The magicians stare at me from across the room. I’m afraid they expect too much. I try to think of something that will amuse them, but I don’t do tricks, can’t draw or sing. So I put words together in the hope that they’ll see I’m a person of consequence.
I don’t feel cursed by their stare. I’ve known them a very long time, a few from childhood. They’re patient. They’ve worked and practiced tirelessly to become wondrous. Even though I know some of their secrets, their feats are still magical to me. But I’m afraid that I’m not adequate, unworthy to be in their company, that I won’t live up to their expectations. I’m afraid that I’m more ordinary than the person they think me to be.
They hold skulls, crystal balls, and canes. They’re accompanied by scantily-clad women, imps and phantoms. One is known to ride a white dragon.
If I had a magic power it would be invisibility. I’ve thought about this for a very long time but my efforts to achieve invisibility are less than successful. I get closer to my goal as I age as few people notice the elderly. I don’t think I behave elderly or think elderly (maybe a bit). When people get to know me they often think I’m younger despite my looks. (This may be the result of immaturity.) When I was young, I wanted to look older. I’m not pleased with my looks but they’re better than some. Perhaps you have to wait till you die to become an invisible spirit, one that watches over it’s loved ones and laughs at the folly of the living. Sometimes I feel my mother and grandmothers hovering about me.
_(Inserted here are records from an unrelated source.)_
lemma finite_dag_k: assumes "finite V" shows "finite {G. dag_k V k G}"
proof -
  have "inj_on (\<lambda>G. restrict G V) {G. dag_k V k G}"
  proof (rule inj_onI)
    fix G G' assume "G \<in> {G. dag_k V k G}" "G' \<in> {G. dag_k V k G}"
      and eq: "restrict G V = restrict G' V"
    show "G = G'"
    proof
      fix v show "G v = G' v"
        using fun_cong[OF eq, of v] \<open>G \<in> _\<close> \<open>G' \<in> _\<close> by (cases "v \<in> V") (auto simp: dag_k_def)
    qed
  qed
  moreover have "(\<lambda>G. restrict G V) ` {G. dag_k V k G} \<subseteq> (\<Pi>\<^sub>E v\<in>V. Pow V)"
    by (auto simp: dag_k_def PiE_iff) blast
  then have "finite ((\<lambda>G. restrict G V) ` {G. dag_k V k G})"
    by (rule finite_subset) (simp add: finite_PiE assms)
  ultimately show ?thesis
    by (rule finite_imageD[rotated])
qed

lemma dag_k_empty: "dag_k V k (\<lambda>_. {})"
  by (simp add: dag_k_def acyclic_def edges_def)

lemma score_le_opt_score: "finite V \<Longrightarrow> dag_k V k G \<Longrightarrow> score p V G \<le> opt_score p V k"
  unfolding opt_score_def by (rule Max_ge) (auto intro: finite_dag_k)

lemma optimal_exists:
  assumes "finite V" shows "\<exists>G. optimal p V k G"
proof -
  have "opt_score p V k \<in> score p V ` {G. dag_k V k G}"
    unfolding opt_score_def using assms dag_k_empty by (intro Max_in) (auto intro: finite_dag_k)
  then show ?thesis
    unfolding optimal_def by auto
qed

lemma opt_score_marg_le_opt_score_insert:
  assumes "finite X" and "b \<notin> X" and "a \<in> X" and "0 < k"
  shows "opt_score (marg X p) X k - condH p b {a} \<le> opt_score p (insert b X) k"
proof -
  obtain G1 where G1: "optimal (marg X p) X k G1"
    using optimal_exists[OF \<open>finite X\<close>] by blast
  then have dag: "dag_k X k G1"
    by (simp add: optimal_def)
  then have no_child_b: "b \<notin> G1 w" for w
    using \<open>b \<notin> X\<close> by (cases "w \<in> X") (auto simp: dag_k_def)
  define G where "G = G1(b := {a})"
  have "(b, a) \<notin> (edges G1)\<^sup>*"
    using no_child_b \<open>a \<in> X\<close> \<open>b \<notin> X\<close> by (auto elim: converse_rtranclE)
  moreover have "edges G = insert (a, b) (edges G1)"
    using dag \<open>b \<notin> X\<close> by (auto simp: G_def edges_def dag_k_def)
  ultimately have "dag_k (insert b X) k G"
    using dag \<open>b \<notin> X\<close> \<open>a \<in> X\<close> \<open>0 < k\<close> by (auto simp: dag_k_def G_def)
  then have "score p (insert b X) G \<le> opt_score p (insert b X) k"
    using \<open>finite X\<close> by (simp add: score_le_opt_score)
  moreover have "score p (insert b X) G = score p X G1 - condH p b {a}"
    using \<open>finite X\<close> \<open>b \<notin> X\<close> by (auto simp: score_def G_def intro!: sum.cong)
  moreover have "score p X G1 = opt_score (marg X p) X k"
    using G1 score_marg[OF dag, of p] by (simp add: optimal_def)
  ultimately show ?thesis
    by simp
qed

theorem lemma9:
  fixes k :: nat and X1 :: "'i set" and Xa Xb :: 'i
    and D1 D2 :: "('i \<Rightarrow> 'v) pmf" and q :: "(bool \<times> ('i \<Rightarrow> 'v)) pmf"
    and \<alpha> \<beta> lam :: real and G :: "'i \<Rightarrow> 'i set"
  assumes k_pos: "0 < k"
    and X1_fin: "finite X1" and X1_card: "k \<le> card X1"
    and Xa_in: "Xa \<in> X1" and Xb_notin: "Xb \<notin> X1"
    and fin_vals: "finite (set_pmf (marg (insert Xb X1) D2))"
    and D1_marg: "D1 = marg X1 D2"
    and \<alpha>_pos: "0 < \<alpha>" and \<beta>_pos: "0 < \<beta>"
    and I_unique: "\<And>G1 G2. optimal D1 X1 k G1 \<Longrightarrow> optimal D1 X1 k G2 \<Longrightarrow> markov_equiv X1 G1 G2"
    and I_gap: "\<And>G'. dag_k X1 k G' \<Longrightarrow> \<not> (\<exists>G1. optimal D1 X1 k G1 \<and> markov_equiv X1 G' G1)
                 \<Longrightarrow> score D1 X1 G' \<le> opt_score D1 X1 k - \<beta>"
    and II: "\<And>G' v. dag_k X1 k G' \<Longrightarrow> (\<exists>G1. optimal D1 X1 k G1 \<and> markov_equiv X1 G' G1)
                 \<Longrightarrow> v \<in> X1 \<Longrightarrow> Xa \<notin> G' v"
    and III: "condH D1 Xa (X1 - {Xa}) = \<alpha>"
    and lam_pos: "0 < lam" and lam_bound: "lam < min \<alpha> (\<beta> / (3 * real (card (insert Xb X1))))"
    and D2_def: "D2 = map_pmf snd q"
    and C_indep: "map_pmf (\<lambda>(c, a). (c, restrict a X1)) q =
                  pair_pmf (map_pmf fst q) (map_pmf (\<lambda>(c, a). restrict a X1) q)"
    and C1: "\<And>c a. (c, a) \<in> set_pmf q \<Longrightarrow> c \<Longrightarrow> a Xb = a Xa"
    and C0: "(\<exists>x\<in>set_pmf q. \<not> fst x) \<Longrightarrow>
              (let q0 = cond_pmf q {x. \<not> fst x} in
                 map_pmf (\<lambda>(c, a). (a Xb, restrict a X1)) q0 =
                 pair_pmf (map_pmf (\<lambda>(c, a). a Xb) q0) (map_pmf (\<lambda>(c, a). restrict a X1) q0))"
    and V: "max (condH D2 Xb {Xa}) (condH D2 Xa {Xb}) = lam"
    and G_dag: "dag_k (insert Xb X1) k G"
    and G_children: "\<exists>v\<in>insert Xb X1 - {Xa, Xb}. Xa \<in> G v \<or> Xb \<in> G v"
  shows "score D2 (insert Xb X1) G
           < opt_score D2 (insert Xb X1) k - \<beta> + 3 * real (card (insert Xb X1)) * lam"
proof -
  have lam_ba: "condH D2 Xb {Xa} \<le> lam" and lam_ab: "condH D2 Xa {Xb} \<le> lam"
    using V by auto
  obtain v where "v \<in> X1" "v \<noteq> Xa" and "Xa \<in> G v \<or> Xb \<in> G v"
    using G_children by blast
  define G' where "G' = merge_vertex Xa Xb G"
  have dag: "dag_k X1 k G'"
    unfolding G'_def using G_dag Xb_notin Xa_in by (rule dag_k_merge_vertex)
  have "Xa \<in> G' v"
    unfolding G'_def using \<open>v \<in> X1\<close> \<open>v \<noteq> Xa\<close> \<open>Xa \<in> G v \<or> Xb \<in> G v\<close> Xb_notin
    by (intro in_merge_vertex) auto
  then have "\<not> (\<exists>G1. optimal D1 X1 k G1 \<and> markov_equiv X1 G' G1)"
    using II[OF dag _ \<open>v \<in> X1\<close>] by blast
  then have gap: "score D1 X1 G' \<le> opt_score D1 X1 k - \<beta>"
    by (rule I_gap[OF dag])
  have "score D2 (insert Xb X1) G \<le> score D2 X1 G' + real (card X1) * lam"
    unfolding G'_def using fin_vals X1_fin Xb_notin Xa_in G_dag lam_ba lam_ab
    by (rule score_le_score_merge_vertex)
  moreover have "score D2 X1 G' = score D1 X1 G'"
    using score_marg[OF dag, of D2] D1_marg by simp
  moreover have "opt_score D1 X1 k - lam \<le> opt_score D2 (insert Xb X1) k"
    using opt_score_marg_le_opt_score_insert[OF X1_fin Xb_notin Xa_in k_pos, of D2] lam_ba
      D1_marg by simp
  moreover have "3 * real (card (insert Xb X1)) * lam = 3 * (real (card X1) * lam) + 3 * lam"
    using X1_fin Xb_notin by (simp add: algebra_simps)
  moreover have "0 \<le> real (card X1) * lam"
    using lam_pos by simp
  ultimately show ?thesis
    using gap lam_pos by linarith
qed

end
I keep the small case with my father’s close-up act on a high shelf waiting for one of his descendants to show an aptitude for magic. Sometimes I hear my father’s voice. Perhaps he and the women in my family have already reincarnated and I don’t recognize them. But surely I would; I’ve recognized others.
Perhaps I’m more invisible than I think.
Magicians are obsessive. They’re perfectionists. They have to be. They plan for occasions when something goes wrong but they practice practice practice so that won’t happen. Like them I hope for the best, but plan for exceptions. The problem is that my plans don’t always work out and most of the time I’m left to fly by the seat of my pants, something a magician would rarely resort to. Past success with this practice should raise my confidence, but it isn’t a secure feeling.
I accept that it’s life as it is. We must be flexible—in body and spirit. I hope that I won’t become rigid in my dotage—which I’m facing with immediacy. I see what happens when you can’t roll with the times and your magic declines. It’s not a pretty sight.
Magic happens everyday. Much of it goes unnoticed: the slivers of sunrise that escape from behind your bedroom curtain, the mischievous smile on a child who’s discovered trouble, fiery moonlight reflected in a glass of wine on the windowsill. There are times when you should have been killed but were miraculously saved. There are times that someone phones at the moment you think of them. Such magic doesn’t call for men in capes or tuxedos, women in sparkly body suits or gypsy scarves to enable it. It’s in the air, in the aura that surrounds you. We may not be Thurston or The Great Oremor, but we can occasionally command magic.
Even me, pop.
Magicians need a lot of upkeep. Crystal balls have to be polished, cards coated and dusted with talcum. Doves and rabbits have to be fed, their cages cleaned. Silks must be washed by hand; costumes kept clean and unwrinkled. The tasks are never-ending. Most magicians are well-groomed, their grooming as obsessive as the rest of their lives. Of course there are some who are slovenly. They live with paraphernalia precariously piled (say that three times), books and papers, animal droppings. They’re too busy studying, practicing, inventing, and communicating with other magicians to remember to bathe.
Then there are gypsies…
My father’s wand was broken and tucked into his coffin by fellow magicians. We may not live in one of The Great Eras of Magicians but it’s not the last we’ll see them. It certainly isn’t the end of magic. Even though magic isn’t reliable and never seems to happen when you want it, it’s all around you. It occurs on its own terms. Just when you’re on the verge of not believing: Bam! It hits you. It doesn’t coddle the disbelievers, those who grasp at explanations; it does it’s best to perplex them. It may transform your day, your thoughts, your relationships, but it’s prudent to stay open, for it occurs in unlikely places: a simple tune, an old book…It may be lurking under your bed, or in your pocket. It’s in the wind, the trees, the night sky.